In a new multi-national study conducted by the University of Oxford, researchers found that politicians typically live longer than the general population.

Over the past decades, medical advancements that lead to increased life expectancies and the growing wealth disparity have sparked a renewed interest in whether or not certain “high-status” occupations are associated with better health.

The study, published in the European Journal of Epidemiology, collected and combined data on political figures from eleven high-income countries– including Austria, Australia, Canada, France, Italy, Germany, New Zealand, the Netherlands, Switzerland, the U.S., and the U.K.

Each country had available data spanning from 1945 to 2017. However, the complete data analysis ranged from 1816 to 2017.

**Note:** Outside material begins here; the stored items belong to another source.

text \<open>\<open>B\<close> is the branch at \<open>y0\<close> of a vertex \<open>z \<notin> I\<close> with two neighbours \<open>y0, y1\<close>.\<close>
lemma branch_split_exists:
  assumes T: "is_tree VT ET" and I: "independent ET I" and two: "2 \<le> sigma VT ET"
  obtains z B where "z \<in> VT" "z \<notin> I" "z \<notin> B"
    "\<And>x y. {x, y} \<in> ET \<Longrightarrow> x \<noteq> z \<Longrightarrow> y \<noteq> z \<Longrightarrow> x \<in> B \<longleftrightarrow> y \<in> B"
    "\<exists>a\<in>items VT ET I. item_side B a" "\<exists>a\<in>items VT ET I. \<not> item_side B a"
proof -
  obtain z y0 y1 where z: "z \<in> VT" "z \<notin> I" "y0 \<noteq> y1" "{z, y0} \<in> ET" "{z, y1} \<in> ET"
    using exists_branch_vertex[OF T I two] by blast
  have g: "graph_on VT ET" using T unfolding is_tree_def by simp
  have B: "z \<notin> branch ET z y0" "y0 \<in> branch ET z y0" "y1 \<notin> branch ET z y0"
    using center_not_in_branch[of y0 z ET] graph_on_edgeD(1)[OF g z(4)] branch_root
      tree_neighbour_not_in_branch[OF T z(4,5,3)] by auto
  show thesis
  proof (rule that[OF z(1,2) B(1) branch_edge_iff])
    show "\<exists>a\<in>items VT ET I. item_side (branch ET z y0) a"
      using item_on_edge[OF g z(4) z(2) B(1)] B(2) by simp
    show "\<exists>a\<in>items VT ET I. \<not> item_side (branch ET z y0) a"
      using item_on_edge[OF g z(5) z(2) B(1)] B(3) by simp
  qed
qed

section \<open>Distributing the items over \<open>S1\<close> and \<open>S2\<close>\<close>

text \<open>Reserving some \<open>s2 \<in> S2 - S1\<close> for \<open>P2\<close> leaves enough room in \<open>S1\<close> for \<open>P1\<close>.\<close>
lemma disjoint_subsets_of_distinct_sets:
  assumes S: "finite S1" "finite S2" "card S1 = t" "card S2 = t" "S1 \<noteq> S2"
    and n: "n1 + n2 = t + 1" "1 \<le> n1" "1 \<le> n2"
  obtains P1 P2 where "P1 \<subseteq> S1" "P2 \<subseteq> S2" "P1 \<inter> P2 = {}" "card P1 = n1" "card P2 = n2"
proof -
  have "\<not> S2 \<subseteq> S1" using S card_subset_eq[of S1 S2] by auto
  then obtain s2 where s2: "s2 \<in> S2" "s2 \<notin> S1" by blast
  have "n2 - 1 \<le> card (S2 - {s2})" using s2 S n by simp
  then obtain P2' where P2': "P2' \<subseteq> S2 - {s2}" "card P2' = n2 - 1"
    using obtain_subset_with_card_n by metis
  have "finite P2'" using P2'(1) S(2) finite_subset by blast
  define P2 where "P2 = insert s2 P2'"
  have "s2 \<notin> P2'" using P2'(1) by blast
  then have P2: "P2 \<subseteq> S2" "card P2 = n2"
    unfolding P2_def using P2' s2 \<open>finite P2'\<close> n(3) by auto
  have "card (S1 \<inter> P2) \<le> card P2'"
    using s2(2) \<open>finite P2'\<close> unfolding P2_def by (intro card_mono) auto
  then have "n1 \<le> card (S1 - P2)"
    using card_Diff_subset_Int[of S1 P2] S P2' n by (simp add: Int_commute)
  then obtain P1 where "P1 \<subseteq> S1 - P2" "card P1 = n1"
    using obtain_subset_with_card_n by metis
  then show thesis using that P2 by blast
qed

Over fifty-seven thousand politicians were used in this study, of which just over forty thousand have died.

The researchers first matched politicians’ countries of citizenship, age, and gender with mortality data from the same section of the national population during each respective time period.

Afterward, the team then compared the yearly frequency of deaths among politicians against the mortality rates of the general population.

The scientists’ analysis resulted in numerous significant findings. First, in the late nineteenth and early twentieth centuries, politicians and the general population had similar mortality rates.

But, this changed rapidly during the twentieth century as mortality rate differences grew more significant and political figures increasingly outlived the “non-elite.”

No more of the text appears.